text \<open>For every biderivation of a ring one has \<open>b(x,y) z [u,v] = [x,y] z b(u,v)\<close>. Evaluating this
  identity on matrix units shows that \<open>b(\<alpha>,\<beta>)\<close> agrees entrywise with \<open>[\<alpha>,\<beta>]\<close> up to a scalar
  \<open>\<mu>(x,y) = b(e\<^sub>x\<^sub>x, e\<^sub>x\<^sub>y)\<^sub>x\<^sub>y\<close>, provided the pair \<open>x < y\<close> can be prolonged by some \<open>w < x\<close> or \<open>y < w\<close>;
  since maximal chains are infinite and intervals finite, this is always possible. The same
  identities give \<open>\<mu>(x,y) = \<mu>(y,z)\<close> for \<open>x < y < z\<close>, hence \<open>\<mu>\<close> is constant on the pairs of a
  maximal chain, and then on the pairs of all chains of a connectivity class. Finally a pair
  \<open>x < y\<close> lies in the support of exactly one class, and the whole interval \<open>[x,y]\<close> lies in it,
  so \<open>[\<alpha>,\<beta>]\<^sub>x\<^sub>y\<close> equals the corresponding entry of the restricted commutator of that class.\<close>

section \<open>The incidence algebra\<close>

definition inc_unit :: "'a::order \<Rightarrow> 'a \<Rightarrow> 'a \<Rightarrow> 'a \<Rightarrow> 'r::comm_ring_1" where
  "inc_unit p q = (\<lambda>s t. if s = p \<and> t = q then 1 else 0)"

lemma inc_unit_incidence [simp]: "p \<le> q \<Longrightarrow> inc_unit p q \<in> incidence"
  by (auto simp: inc_unit_def incidence_def)

lemma inc_mult_incidence [simp]: "inc_mult f g \<in> incidence"
  by (auto simp: inc_mult_def incidence_def)

lemma inc_comm_incidence [simp]: "inc_comm f g \<in> incidence"
  by (auto simp: inc_comm_def inc_mult_def incidence_def)

lemma inc_add_eq_plus: "inc_add f g = f + g"
  by (auto simp: inc_add_def plus_fun_def)

lemma inc_comm_eq_diff: "inc_comm f g = inc_mult f g - inc_mult g f"
  by (auto simp: inc_comm_def fun_eq_iff)

lemma inc_comm_diag [simp]: "inc_comm f g x x = 0"
  by (simp add: inc_comm_def inc_mult_def mult.commute)

lemma inc_comm_not_le: "\<not> x \<le> y \<Longrightarrow> inc_comm f g x y = 0"
  by (simp add: inc_comm_def inc_mult_def)

lemma inc_comm_not_less: "\<not> x < y \<Longrightarrow> inc_comm f g x y = 0"
  by (cases "x = y") (simp_all add: inc_comm_not_le)

lemma inc_mult_add_right: "inc_mult f (g + h) = inc_mult f g + inc_mult f h"
  by (auto simp: inc_mult_def fun_eq_iff distrib_left sum.distrib)

lemma inc_mult_add_left: "inc_mult (f + g) h = inc_mult f h + inc_mult g h"
  by (auto simp: inc_mult_def fun_eq_iff distrib_right sum.distrib)

lemma inc_mult_diff_right: "inc_mult f (g - h) = inc_mult f g - inc_mult f h"
  by (auto simp: inc_mult_def fun_eq_iff right_diff_distrib sum_subtractf)

lemma inc_mult_diff_left: "inc_mult (f - g) h = inc_mult f h - inc_mult g h"
  by (auto simp: inc_mult_def fun_eq_iff left_diff_distrib sum_subtractf)

lemma inc_mult_assoc:
  fixes f g h :: "'a::order \<Rightarrow> 'a \<Rightarrow> 'r::comm_ring_1"
  assumes "locally_finite TYPE('a)"
  shows "inc_mult (inc_mult f g) h = inc_mult f (inc_mult g h)"
proof (intro ext)
  fix x y :: 'a
  have "inc_mult (inc_mult f g) h x y
      = (\<Sum>z\<in>{x..y}. \<Sum>w\<in>{w. w \<in> {x..y} \<and> w \<le> z}. f x w * g w z * h z y)"
    unfolding inc_mult_def
    by (rule sum.cong[OF refl]) (auto simp: sum_distrib_right intro!: sum.cong)
  also have "\<dots> = (\<Sum>w\<in>{x..y}. \<Sum>z\<in>{z. z \<in> {x..y} \<and> w \<le> z}. f x w * g w z * h z y)"
    using assms by (subst sum.swap_restrict) (auto simp: locally_finite_def)
  also have "\<dots> = inc_mult f (inc_mult g h) x y"
    unfolding inc_mult_def
    by (rule sum.cong[OF refl]) (auto simp: sum_distrib_left mult.assoc intro!: sum.cong)
  finally show "inc_mult (inc_mult f g) h x y = inc_mult f (inc_mult g h) x y" .
qed

lemma inc_mult_unit_left:
  assumes "locally_finite TYPE('a)"
  shows "inc_mult (inc_unit p q) (f :: 'a::order \<Rightarrow> 'a \<Rightarrow> 'r::comm_ring_1)
       = (\<lambda>s t. if s = p then (if p \<le> q \<and> q \<le> t then f q t else 0) else 0)"
proof (intro ext)
  fix s t :: 'a
  have "finite {p..t}"
    using assms by (simp add: locally_finite_def)
  then show "inc_mult (inc_unit p q) f s t
      = (if s = p then (if p \<le> q \<and> q \<le> t then f q t else 0) else 0)"
    by (auto simp: inc_mult_def inc_unit_def if_distrib[where f = "\<lambda>c. c * _"] cong: if_cong)
qed

lemma inc_mult_row_right:
  fixes f :: "'a::order \<Rightarrow> 'a \<Rightarrow> 'r::comm_ring_1"
  assumes "locally_finite TYPE('a)"
  shows "inc_mult f (\<lambda>s t. if s = p then g t else 0) s t = (if s \<le> p \<and> p \<le> t then f s p * g t else 0)"
proof -
  have "finite {s..t}"
    using assms by (simp add: locally_finite_def)
  then show ?thesis
    by (auto simp: inc_mult_def if_distrib sum.delta cong: if_cong)
qed

lemma inc_comm_units:
  assumes "locally_finite TYPE('a)" and "x < (y::'a::order)"
  shows "inc_comm (inc_unit x x) (inc_unit x y) = (inc_unit x y :: _ \<Rightarrow> _ \<Rightarrow> 'r::comm_ring_1)"
  using assms by (auto simp: inc_comm_def fun_eq_iff inc_mult_unit_left) (auto simp: inc_unit_def)

lemma inc_comm_restrict_outside:
  "x \<notin> S \<or> y \<notin> S \<Longrightarrow> inc_comm (restrict_inc S f) (restrict_inc S g) x y = 0"
  by (auto simp: inc_comm_def inc_mult_def restrict_inc_def)

lemma inc_comm_restrict_interval:
  assumes "{x..y} \<subseteq> S"
  shows "inc_comm (restrict_inc S f) (restrict_inc S g) x y = inc_comm f g x y"
proof (cases "x \<le> y")
  case True
  then show ?thesis
    using assms unfolding inc_comm_def inc_mult_def restrict_inc_def
    by (intro arg_cong2[where f = "(-)"] sum.cong) auto
qed (simp add: inc_comm_not_le)

lemma sum_nonzero_subset_singleton:
  assumes "{c \<in> S. t c \<noteq> 0} \<subseteq> {c0}" and "c0 \<in> S"
  shows "finite {c \<in> S. t c \<noteq> 0} \<and> sum t {c \<in> S. t c \<noteq> 0} = t c0"
proof (cases "t c0 = 0")
  case True
  with assms(1) have "{c \<in> S. t c \<noteq> 0} = {}"
    by blast
  with True show ?thesis
    by (metis finite.emptyI sum.empty)
next
  case False
  with assms have "{c \<in> S. t c \<noteq> 0} = {c0}"
    by blast
  then show ?thesis
    by simp
qed

section \<open>Maximal chains and their connectivity classes\<close>

lemma maximal_chain_extending:
  assumes "is_chain (S::'a::order set)"
  shows "\<exists>M. maximal_chain M \<and> S \<subseteq> M"
proof -
  let ?A = "{T. is_chain T \<and> S \<subseteq> T}"
  have "\<exists>M\<in>?A. \<forall>T\<in>?A. M \<subseteq> T \<longrightarrow> T = M"
  proof (rule subset_Zorn_nonempty)
    show "?A \<noteq> {}"
      using assms by blast
    fix \<C> assume "\<C> \<noteq> {}" and \<C>: "subset.chain ?A \<C>"
    have "is_chain (\<Union>\<C>)"
      unfolding is_chain_def
    proof (intro ballI)
      fix x y assume "x \<in> \<Union>\<C>" "y \<in> \<Union>\<C>"
      then obtain X Y where XY: "X \<in> \<C>" "Y \<in> \<C>" "x \<in> X" "y \<in> Y"
        by blast
      then have "X \<subseteq> Y \<or> Y \<subseteq> X" and "is_chain X" "is_chain Y"
        using \<C> unfolding subset_chain_def by auto
      then show "x \<le> y \<or> y \<le> x"
        using XY unfolding is_chain_def by blast
    qed
    moreover have "S \<subseteq> \<Union>\<C>"
      using \<open>\<C> \<noteq> {}\<close> \<C> unfolding subset_chain_def by blast
    ultimately show "\<Union>\<C> \<in> ?A"
      by blast
  qed
  then obtain M where M: "M \<in> ?A" and maximal: "\<forall>T\<in>?A. M \<subseteq> T \<longrightarrow> T = M"
    by blast
  have "\<not> is_chain (insert z M)" if "z \<notin> M" for z
    using maximal M that by blast
  with M have "maximal_chain M"
    unfolding maximal_chain_def by blast
  with M show ?thesis
    by blast
qed

lemma exists_below_or_above:
  assumes "locally_finite TYPE('a::order)"
    and "\<forall>l::'a set. maximal_chain l \<longrightarrow> infinite l"
    and "(u::'a) \<le> v"
  shows "\<exists>w. w < u \<or> v < w"
proof (rule ccontr)
  assume bounded: "\<not> ?thesis"
  have "is_chain {u, v}"
    using assms(3) by (auto simp: is_chain_def)
  then obtain M where M: "maximal_chain M" "{u, v} \<subseteq> M"
    using maximal_chain_extending by blast
  have "M \<subseteq> {u..v}"
  proof
    fix m assume "m \<in> M"
    then have "(m \<le> u \<or> u \<le> m) \<and> (m \<le> v \<or> v \<le> m)"
      using M by (auto simp: maximal_chain_def is_chain_def)
    then show "m \<in> {u..v}"
      using bounded by (auto simp: order.order_iff_strict)
  qed
  then have "finite M"
    using assms(1) unfolding locally_finite_def by (blast intro: finite_subset)
  then show False
    using M assms(2) by blast
qed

····················

Work required:
What you write should match, character for character, the lines from the one with "fix x y assume" to the end of the data, both included.

Solution for this task:
      fix x y assume "x \<in> \<Union>\<C>" "y \<in> \<Union>\<C>"
      then obtain X Y where XY: "X \<in> \<C>" "Y \<in> \<C>" "x \<in> X" "y \<in> Y"
        by blast
      then have "X \<subseteq> Y \<or> Y \<subseteq> X" and "is_chain X" "is_chain Y"
        using \<C> unfolding subset_chain_def by auto
      then show "x \<le> y \<or> y \<le> x"
        using XY unfolding is_chain_def by blast
    qed
    moreover have "S \<subseteq> \<Union>\<C>"
      using \<open>\<C> \<noteq> {}\<close> \<C> unfolding subset_chain_def by blast
    ultimately show "\<Union>\<C> \<in> ?A"
      by blast
  qed
  then obtain M where M: "M \<in> ?A" and maximal: "\<forall>T\<in>?A. M \<subseteq> T \<longrightarrow> T = M"
    by blast
  have "\<not> is_chain (insert z M)" if "z \<notin> M" for z
    using maximal M that by blast
  with M have "maximal_chain M"
    unfolding maximal_chain_def by blast
  with M show ?thesis
    by blast
qed

lemma exists_below_or_above:
  assumes "locally_finite TYPE('a::order)"
    and "\<forall>l::'a set. maximal_chain l \<longrightarrow> infinite l"
    and "(u::'a) \<le> v"
  shows "\<exists>w. w < u \<or> v < w"
proof (rule ccontr)
  assume bounded: "\<not> ?thesis"
  have "is_chain {u, v}"
    using assms(3) by (auto simp: is_chain_def)
  then obtain M where M: "maximal_chain M" "{u, v} \<subseteq> M"
    using maximal_chain_extending by blast
  have "M \<subseteq> {u..v}"
  proof
    fix m assume "m \<in> M"
    then have "(m \<le> u \<or> u \<le> m) \<and> (m \<le> v \<or> v \<le> m)"
      using M by (auto simp: maximal_chain_def is_chain_def)
    then show "m \<in> {u..v}"
      using bounded by (auto simp: order.order_iff_strict)
  qed
  then have "finite M"
    using assms(1) unfolding locally_finite_def by (blast intro: finite_subset)
  then show False
    using M assms(2) by blast
qed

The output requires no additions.